See the illustration below.



Data transformations

The data transformations are defined in .sql files in the models\ directory. The data transformations are organized in a standard set of sub directories:
  • 1_input,
  • 2_entities,
  • 3_events,
  • 4_event_logs,
  • 5_business_logic.
The .sql files are written in Jinja SQL, which allows you to insert Jinja statements inside plain SQL queries. When dbt runs all .sql files, each .sql file results in a new view or table in the database.
Typically, the .sql files have the following structure:
  1. With statements: One or more with statements to include the required sub tables.

    • {{ ref(‘My_table) }} refers to table defined by another .sql file.
    • {{ source(var("schema_sources"), 'My_table') }} refers to an input table.
  2. Main query: The query that defines the new table.
  3. Final query: Typically a query like Select * from table is used at the end. This makes it easy to make sub-selections while debugging.
    docs image

For more tips on how to write transformations effectively, see Tips for writing SQL

Adding source tables

To add a new source table to the dbt project, it must be listed in models\schema\sources.yml. This way, other models can refer to it by using {{ source(var("schema_sources"), 'My_table_raw') }}. See the illustration below for an example.


Important: Each new source table must be listed in sources.yml.
Note:

The suffix _raw is added to source tables table names when loading data. For example, a table called my_table should be referred to as my_table_raw.

For more detailed information, see the official dbt documentation on Sources.

Data output

The data transformations must output the data model that is required by the corresponding app; each expected table and field must be present.

Practically, this means that the tables in the models\5_business_logic should not be deleted. Also, the output fields in the corresponding queries should not be removed.

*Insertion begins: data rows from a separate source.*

(* Let $\Gamma\subseteq\mathbb R^n$ be an open convex set, $S\subseteq\Gamma$ a nonempty convex set, and $f:\Gamma\to\mathbb R$ a continuously differentiable function that is pseudoconvex on $\Gamma$. Let $\bar S=\arg\min\{f(x)\mid x\in S\}$ and $\bar x\in\bar S$. Define \[ \hat T_1:=\{x\in S\mid \nabla f(\bar x)^T(x-\bar x)=0,\ \exists\, p(x)>0:\ \nabla f(x)=p(x)\nabla f(\bar x)\}, \] \[ \hat T_2:=\{x\in S\mid \nabla f(\bar x)^T(x-\bar x)\le0,\ \exists\, p(x)>0:\ \nabla f(x)=p(x)\nabla f(\bar x)\}. \] Then $\bar S=\hat T_1=\hat T_2$.
   Context: A differentiable function $f$ on an open set $\Gamma$ is pseudoconvex on $\Gamma$ iff for all $x,y\in\Gamma$, $f(y)<f(x)$ implies $\nabla f(x)^T(y-x)<0$. *)

theory Defs
  imports "HOL-Analysis.Analysis"
begin

definition pseudoconvex_on :: "(real^'n) set \<Rightarrow> (real^'n \<Rightarrow> real) \<Rightarrow> (real^'n \<Rightarrow> real^'n) \<Rightarrow> bool" where
  "pseudoconvex_on \<Gamma> f gf \<longleftrightarrow>
     (\<forall>x\<in>\<Gamma>. \<forall>y\<in>\<Gamma>. f y < f x \<longrightarrow> gf x \<bullet> (y - x) < 0)"

definition argmin_set :: "(real^'n \<Rightarrow> real) \<Rightarrow> (real^'n) set \<Rightarrow> (real^'n) set" where
  "argmin_set f S = {x \<in> S. \<forall>y\<in>S. f x \<le> f y}"

end

theory Submission
  imports Defs
begin

text \<open>
  At a minimiser \<open>a\<close> of \<open>f\<close> on the convex set \<open>S\<close> the first-order
  condition \<open>\<nabla>f(a)\<^sup>T(y - a) \<ge> 0\<close> holds for all \<open>y \<in> S\<close>. If \<open>\<nabla>f(a)\<^sup>Tv < 0\<close>, then \<open>f(a + tv) < f(a)\<close>
  for small \<open>t > 0\<close>, so pseudoconvexity at another minimiser \<open>b\<close> gives
  \<open>\<nabla>f(b)\<^sup>T(a - b) + t\<nabla>f(b)\<^sup>Tv < 0\<close>, whence \<open>\<nabla>f(b)\<^sup>Tv < 0\<close> by the first-order condition at \<open>b\<close>.
  Thus the gradients at any two minimisers have the same open half-space of descent
  directions, so they are positive multiples of each other, and the first-order conditions at
  both points then force \<open>\<nabla>f(xbar)\<^sup>T(x - xbar) = 0\<close>. Conversely, a point \<open>x\<close> with
  \<open>\<nabla>f(x) = p\<nabla>f(xbar)\<close>, \<open>p > 0\<close>, and \<open>\<nabla>f(xbar)\<^sup>T(x - xbar) \<le> 0\<close> satisfies
  \<open>\<nabla>f(x)\<^sup>T(xbar - x) \<ge> 0\<close>, so by pseudoconvexity \<open>f(xbar) \<ge> f(x)\<close>.
\<close>

lemma has_derivative_inner_directional_quotient:
  fixes f :: "'a::real_inner \<Rightarrow> real"
  assumes "(f has_derivative (\<lambda>h. g \<bullet> h)) (at x)"
  shows "((\<lambda>t. (f (x + t *\<^sub>R v) - f x) / t) \<longlongrightarrow> g \<bullet> v) (at_right 0)"
proof -
  have line: "((\<lambda>t. x + t *\<^sub>R v) has_derivative (\<lambda>h. h *\<^sub>R v)) (at 0)"
    by (auto intro!: derivative_eq_intros)
  have "((f \<circ> (\<lambda>t. x + t *\<^sub>R v)) has_derivative ((\<lambda>h. g \<bullet> h) \<circ> (\<lambda>h. h *\<^sub>R v))) (at 0)"
    by (rule diff_chain_at[OF line]) (simp add: assms)
  then have "((\<lambda>t. f (x + t *\<^sub>R v)) has_derivative (\<lambda>h. (g \<bullet> v) * h)) (at 0)"
    by (simp add: o_def mult.commute)
  then have "((\<lambda>t. f (x + t *\<^sub>R v)) has_field_derivative (g \<bullet> v)) (at 0)"
    by (simp add: has_field_derivative_def)
  then have "((\<lambda>t. (f (x + t *\<^sub>R v) - f x) / t) \<longlongrightarrow> g \<bullet> v) (at 0)"
    by (simp add: has_field_derivative_iff)
  then show ?thesis
    by (rule tendsto_mono[OF at_le, rotated]) simp
qed

lemma eventually_descent_direction:
  fixes f :: "'a::real_inner \<Rightarrow> real"
  assumes "(f has_derivative (\<lambda>h. g \<bullet> h)) (at x)" and "g \<bullet> v < 0"
  shows "\<forall>\<^sub>F t in at_right 0. f (x + t *\<^sub>R v) < f x"
proof -
  have "\<forall>\<^sub>F t in at_right 0. (f (x + t *\<^sub>R v) - f x) / t < 0"
    using order_tendstoD(2)[OF has_derivative_inner_directional_quotient[OF assms(1)] assms(2)] .
  with eventually_at_right_less show ?thesis
    by eventually_elim (simp add: divide_less_0_iff)
qed

lemma convex_minimiser_first_order:
  fixes f :: "'a::real_inner \<Rightarrow> real"
  assumes "(f has_derivative (\<lambda>h. g \<bullet> h)) (at x)"
    and "convex C" and "x \<in> C" and "y \<in> C" and min: "\<And>z. z \<in> C \<Longrightarrow> f x \<le> f z"
  shows "g \<bullet> (y - x) \<ge> 0"
proof (rule tendsto_lowerbound[OF has_derivative_inner_directional_quotient[OF assms(1)]])
  have "\<forall>\<^sub>F t in at_right 0. 0 < t \<and> t < (1::real)"
    by (auto simp: eventually_at_right_field intro!: exI[of _ 1])
  then show "\<forall>\<^sub>F t in at_right 0. 0 \<le> (f (x + t *\<^sub>R (y - x)) - f x) / t"
  proof eventually_elim
    case (elim t)
    have "x + t *\<^sub>R (y - x) = (1 - t) *\<^sub>R x + t *\<^sub>R y"
      by (simp add: algebra_simps)
    then have "x + t *\<^sub>R (y - x) \<in> C"
      using elim \<open>convex C\<close> \<open>x \<in> C\<close> \<open>y \<in> C\<close> by (simp add: convex_def)
    then show ?case
      using elim min by simp
  qed
qed simp

lemma pos_multiple_if_same_descent_directions:
  fixes a b :: "'a::real_inner"
  assumes same: "\<And>v. a \<bullet> v < 0 \<longleftrightarrow> b \<bullet> v < 0"
  shows "\<exists>p>0. b = p *\<^sub>R a"
proof (cases "a = 0")
  case True
  then have "b = 0"
    using same[of "- b"] by simp
  with True show ?thesis
    by (intro exI[of _ 1]) simp
next
  case False
  then have aa: "a \<bullet> a > 0"
    by simp
  define p where "p = (b \<bullet> a) / (a \<bullet> a)"
  define w where "w = b - p *\<^sub>R a"
  have wa: "w \<bullet> a = 0" "a \<bullet> w = 0"
    using aa by (simp_all add: w_def p_def inner_diff_left inner_diff_right inner_commute)
  have b: "b = p *\<^sub>R a + w"
    by (simp add: w_def)
  have "w = 0"
  proof (rule ccontr)
    assume "w \<noteq> 0"
    then have ww: "w \<bullet> w > 0"
      by simp
    \<comment> \<open>a descent direction for \<open>a\<close> along which \<open>b\<close> increases, by tilting \<open>-a\<close> towards \<open>w\<close>\<close>
    define s where "s = (p * (a \<bullet> a) + 1) / (w \<bullet> w)"
    define v where "v = - a + s *\<^sub>R w"
    have "a \<bullet> v < 0"
      using wa aa by (simp add: v_def inner_diff_right)
    moreover have "b \<bullet> v = s * (w \<bullet> w) - p * (a \<bullet> a)"
      using wa by (simp add: b v_def inner_add_left inner_diff_right algebra_simps)
    moreover have "s * (w \<bullet> w) = p * (a \<bullet> a) + 1"
      using ww by (simp add: s_def)
    ultimately show False
      using same[of v] by simp
  qed
  moreover have "b \<bullet> (- a) < 0"
    using same[of "- a"] aa by simp
  ultimately have "p > 0"
    using aa b by (simp add: zero_less_mult_iff)
  with \<open>w = 0\<close> b show ?thesis
    by auto
qed

locale pseudoconvex_minimisation =
  fixes \<Gamma> S :: "(real^'n) set" and f :: "real^'n \<Rightarrow> real" and gf :: "real^'n \<Rightarrow> real^'n"
  assumes open_\<Gamma>: "open \<Gamma>" and S_subset: "S \<subseteq> \<Gamma>" and convex_S: "convex S"
    and grad: "\<And>x. x \<in> \<Gamma> \<Longrightarrow> (f has_derivative (\<lambda>h. gf x \<bullet> h)) (at x)"
    and pseudo: "pseudoconvex_on \<Gamma> f gf"
begin

lemma argmin_first_order:
  assumes "a \<in> argmin_set f S" and "y \<in> S"
  shows "gf a \<bullet> (y - a) \<ge> 0"
  using assms S_subset
  by (intro convex_minimiser_first_order[OF grad convex_S]) (auto simp: argmin_set_def)

lemma argmin_descent_direction_transfer:
  assumes a: "a \<in> argmin_set f S" and b: "b \<in> argmin_set f S" and v: "gf a \<bullet> v < 0"
  shows "gf b \<bullet> v < 0"
proof -
  have "a \<in> \<Gamma>" and "b \<in> \<Gamma>" and "f a = f b"
    using a b S_subset by (auto simp: argmin_set_def intro: order.antisym)
  have "\<forall>\<^sub>F t in at_right 0. 0 < t \<and> a + t *\<^sub>R v \<in> \<Gamma> \<and> f (a + t *\<^sub>R v) < f a"
  proof (intro eventually_conj eventually_at_right_less)
    show "\<forall>\<^sub>F t in at_right 0. a + t *\<^sub>R v \<in> \<Gamma>"
      by (rule topological_tendstoD[OF _ open_\<Gamma> \<open>a \<in> \<Gamma>\<close>]) (rule tendsto_eq_intros | simp)+
    show "\<forall>\<^sub>F t in at_right 0. f (a + t *\<^sub>R v) < f a"
      using eventually_descent_direction[OF grad[OF \<open>a \<in> \<Gamma>\<close>] v] .
  qed
  then obtain t where t: "0 < t" "a + t *\<^sub>R v \<in> \<Gamma>" "f (a + t *\<^sub>R v) < f a"
    using eventually_happens'[OF trivial_limit_at_right_real] by blast
  have "gf b \<bullet> (a - b) + t * (gf b \<bullet> v) = gf b \<bullet> ((a + t *\<^sub>R v) - b)"
    by (simp add: algebra_simps inner_add_right inner_diff_right)
  also have "\<dots> < 0"
    using pseudo t \<open>b \<in> \<Gamma>\<close> \<open>f a = f b\<close> unfolding pseudoconvex_on_def by simp
  finally have "gf b \<bullet> (a - b) + t * (gf b \<bullet> v) < 0" .
  moreover have "gf b \<bullet> (a - b) \<ge> 0"
    using a by (intro argmin_first_order[OF b]) (simp add: argmin_set_def)
  ultimately have "t * (gf b \<bullet> v) < 0"
    by linarith
  with \<open>0 < t\<close> show ?thesis
    by (simp add: mult_less_0_iff)
qed

lemma argmin_gradients_pos_multiple:
  assumes "a \<in> argmin_set f S" and "b \<in> argmin_set f S"
  shows "\<exists>p>0. gf b = p *\<^sub>R gf a"
  using assms by (intro pos_multiple_if_same_descent_directions iffI) (auto intro: argmin_descent_direction_transfer)

lemma argmin_gradient_orthogonal:
  assumes a: "a \<in> argmin_set f S" and b: "b \<in> argmin_set f S"
  shows "gf a \<bullet> (b - a) = 0"
proof -
  obtain p where "p > 0" and gb: "gf b = p *\<^sub>R gf a"
    using argmin_gradients_pos_multiple[OF a b] by blast
  have "gf a \<bullet> (b - a) \<ge> 0"
    using b by (intro argmin_first_order[OF a]) (simp add: argmin_set_def)
  moreover have "p * (gf a \<bullet> (a - b)) \<ge> 0"
    using argmin_first_order[OF b, of a] a gb by (simp add: argmin_set_def)
  then have "gf a \<bullet> (a - b) \<ge> 0"
    using \<open>p > 0\<close> by (simp add: zero_le_mult_iff)
  ultimately show ?thesis
    by (simp add: inner_diff_right)
qed

lemma mem_argmin_if_pos_multiple_gradient:
  assumes xbar: "xbar \<in> argmin_set f S" and "x \<in> S"
    and le: "gf xbar \<bullet> (x - xbar) \<le> 0" and "p > 0" and gx: "gf x = p *\<^sub>R gf xbar"
  shows "x \<in> argmin_set f S"
proof -
  have "xbar \<in> S" and min: "\<And>y. y \<in> S \<Longrightarrow> f xbar \<le> f y"
    using xbar by (auto simp: argmin_set_def)
  have "gf x \<bullet> (xbar - x) = - p * (gf xbar \<bullet> (x - xbar))"
    by (simp add: gx inner_diff_right algebra_simps)
  also have "\<dots> \<ge> 0"
    using le \<open>p > 0\<close> by (simp add: mult_nonneg_nonpos)
  finally have "\<not> f xbar < f x"
    using pseudo \<open>x \<in> S\<close> \<open>xbar \<in> S\<close> S_subset unfolding pseudoconvex_on_def by force
  with min \<open>x \<in> S\<close> show ?thesis
    by (force simp: argmin_set_def)
qed

end

theorem corollary1:
  fixes \<Gamma> S :: "(real^'n) set" and f :: "real^'n \<Rightarrow> real"
    and gf :: "real^'n \<Rightarrow> real^'n" and xbar :: "real^'n"
  assumes "open \<Gamma>" and "convex \<Gamma>"
    and "S \<subseteq> \<Gamma>" and "S \<noteq> {}" and "convex S"
    and grad: "\<And>x. x \<in> \<Gamma> \<Longrightarrow> (f has_derivative (\<lambda>h. gf x \<bullet> h)) (at x)"
    and "continuous_on \<Gamma> gf"
    and "pseudoconvex_on \<Gamma> f gf"
    and "xbar \<in> argmin_set f S"
  shows "argmin_set f S =
           {x \<in> S. gf xbar \<bullet> (x - xbar) = 0 \<and> (\<exists>p>0. gf x = p *\<^sub>R gf xbar)}
       \<and> argmin_set f S =
           {x \<in> S. gf xbar \<bullet> (x - xbar) \<le> 0 \<and> (\<exists>p>0. gf x = p *\<^sub>R gf xbar)}"
    (is "?A = ?T1 \<and> ?A = ?T2")
proof -
  interpret pseudoconvex_minimisation \<Gamma> S f gf
    using assms by unfold_locales
  have "?A \<subseteq> ?T1"
    using argmin_gradient_orthogonal argmin_gradients_pos_multiple \<open>xbar \<in> argmin_set f S\<close>
    by (auto simp: argmin_set_def)
  moreover have "?T1 \<subseteq> ?T2"
    by auto
  moreover have "?T2 \<subseteq> ?A"
    using mem_argmin_if_pos_multiple_gradient \<open>xbar \<in> argmin_set f S\<close> by blast
  ultimately show ?thesis
    by blast
qed

end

If you want to add new fields to your process app, you can use the custom fields that are available for the process app. Map the fields in the transformations to the custom fields to have them available in the output. Make sure the custom fields are named in the output as described in the data model of the process app.

Tip:
You can use the dbt docs commands to generate a documentation site for your dbt project and open it in your default browser. The documentation site also contains a Lineage Graph that provides an entity relationship diagram with an graphical representation of the linkage between each data table in your project.
For detailed information, see the official dbt documentation on dbt docs.

Macros

Macros make it easy to reuse common SQL constructions. For detailed information, see the official dbt documentation on Jinja macros.

pm_utils

The pm-utils package contains a set of macros that are typically used in Process Mining transformations. For more info about the pm_utils macros, see ProcessMining-pm-utils.
Below is an example of Jinja code calling the pm_utils.optional() macro.


Seeds

Seeds are csv files that are used to add data tables to your transformations. For detailed information, see the official dbt documentation on jinja seeds.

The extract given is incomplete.